Command history for https://coderefinery.github.io/reproducible-research/03-dependencies/#exercise-exploring-conda-environments:

conda deactivate
conda create --name myenvironment
conda activate myenvironment
conda install pandas
conda list --export > requirements.txt
conda env export > environment.yml
less requirements.txt
less environment.yml
conda env create -n myenvironment2 -f environment.yml
conda env remove -n myenvironment2

Recording environments

Containers

https://coderefinery.github.io/reproducible-research/05-environments/

  • It needs sudo to run docker, what if we are not a sudo user?

    • Your sysadmin should add you to the "docker" user's group.
    • good point, I would not run docker images as sudo.
  • nice single shot, but we cannot do it: we do not have docker in the enviroment

    • we didn't want to require it for this time so this is demo-only. it's a nice way of running a computer inside another computer. but we did not want to require participants to install it
  • It would be nice to have a discussion on security when using other peoples software (but this isn't a CR workshop thing)

    • good point. also I would not run a container as sudo. and always verify where the container comes from. I also always want to inspect how the container was built so if I cannot see the container "recipe" (Dockerfile, Singularityfile), I will be very hesitant running it.

Recording computational steps

(Workflows)

https://coderefinery.github.io/reproducible-research/04-workflow-management/

  • any text editor available in the terminal lauched by Binder? (vi/vim not there)

    • is "nano" there? (I will also try this ...)
      • no nano
      • hmm....
    • Worst case you can use the Jupyter text file editor... in the future we can install nano.
    • conda install nano (maybe also vim can be conda-installed, checking ...)
      • but the Jupyter text editor is quite good!
  • Why Snakemake and not a simple (additional) python script?

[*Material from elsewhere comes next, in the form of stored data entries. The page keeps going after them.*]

text \<open>\<open>eq_theory\<close> only quantifies over algebras on \<open>nat\<close>, so a quotient is transported
  there by numbering its classes.\<close>
lemma countable_quotient_on_nat:
  assumes "countable B" and closed: "alg_closed (B, p, m)" and cong: "congruence B p m E"
  obtains N :: "nat alg" where "alg_closed N"
    and "\<And>e. sat N e \<longleftrightarrow> (\<forall>w. range w \<subseteq> B \<longrightarrow> (eval p m w (fst e), eval p m w (snd e)) \<in> E)"
proof -
  have equiv: "equiv B E" using cong by (simp add: congruence_def)
  define f where "f x = to_nat_on (B // E) (E `` {x})" for x
  have "countable (B // E)"
    using \<open>countable B\<close> by (simp add: quotient_def)
  then have f_eq_iff: "f x = f y \<longleftrightarrow> (x, y) \<in> E" if "x \<in> B" "y \<in> B" for x y
    using that equiv by (simp add: f_def quotientI eq_equiv_class_iff)
  define g where "g = inv_into B f"
  have g: "g (f x) \<in> B" "(x, g (f x)) \<in> E" if "x \<in> B" for x
    using that f_eq_iff[of x "g (f x)"] by (auto simp: g_def inv_into_into f_inv_into_f)
  define P where "P i j = f (p (g i) (g j))" for i j
  define M where "M i j = f (m (g i) (g j))" for i j
  have hom: "f (p x y) = P (f x) (f y) \<and> f (m x y) = M (f x) (f y)" if "x \<in> B" "y \<in> B" for x y
  proof -
    have "(p x y, p (g (f x)) (g (f y))) \<in> E" "(m x y, m (g (f x)) (g (f y))) \<in> E"
      using cong g[OF that(1)] g[OF that(2)] by (auto simp: congruence_def)
    then show ?thesis
      using that g closed by (auto simp: P_def M_def alg_closed_def f_eq_iff)
  qed
  show thesis
  proof
    show "alg_closed (f ` B, P, M)" using closed hom by (rule alg_closed_hom_image)
    show "sat (f ` B, P, M) e \<longleftrightarrow> (\<forall>w. range w \<subseteq> B \<longrightarrow> (eval p m w (fst e), eval p m w (snd e)) \<in> E)" for e
      using closed hom by (simp add: sat_hom_image_iff f_eq_iff eval_closed)
  qed
qed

    • A Python script would be the same as Solution 3?
    • Snakemake also tracks changes, skipping to re-do things if no changes are made.
    • Snakemake also comes with "parallel support" (the -j flag to run faster on multi-core CPUs).
      • O wow!
    • E.g. I (helper) am running 300 jobs in parallel on the HPC using snakemake. It automatically submits jobs on the HPC using sbatch
  • I got snakemake-minimal in the coderefinery env. That ok?

    • Yes, should be fine.
  • what is the time resolution of snakemake? I mean, does it check the nanosecond of file creation or the second or what?

    • interesting question... Not sure, i'll check
  • It probably isn't, but is Snakemake functionality limited to python files only?

    • no it's completely general and can run any programs. Snakemake itself is written in python though and its syntax is a superset of Python
  • Any comments on mamba, the package manager that is recommended for use with snakemake? Does it do something that is better than conda?

    • To my knowledge same functionality as Conda but faster dependency resolution.
  • Why the time command gives different real times if i run the same command?

    • other processes running on your computer can affect the time it takes to run your program.

Exercise: Snakemake

Link: https://coderefinery.github.io/reproducible-research/04-workflow-management/#exercise-using-snakemake

  • suggrstion for instructions: split point 1. into two points.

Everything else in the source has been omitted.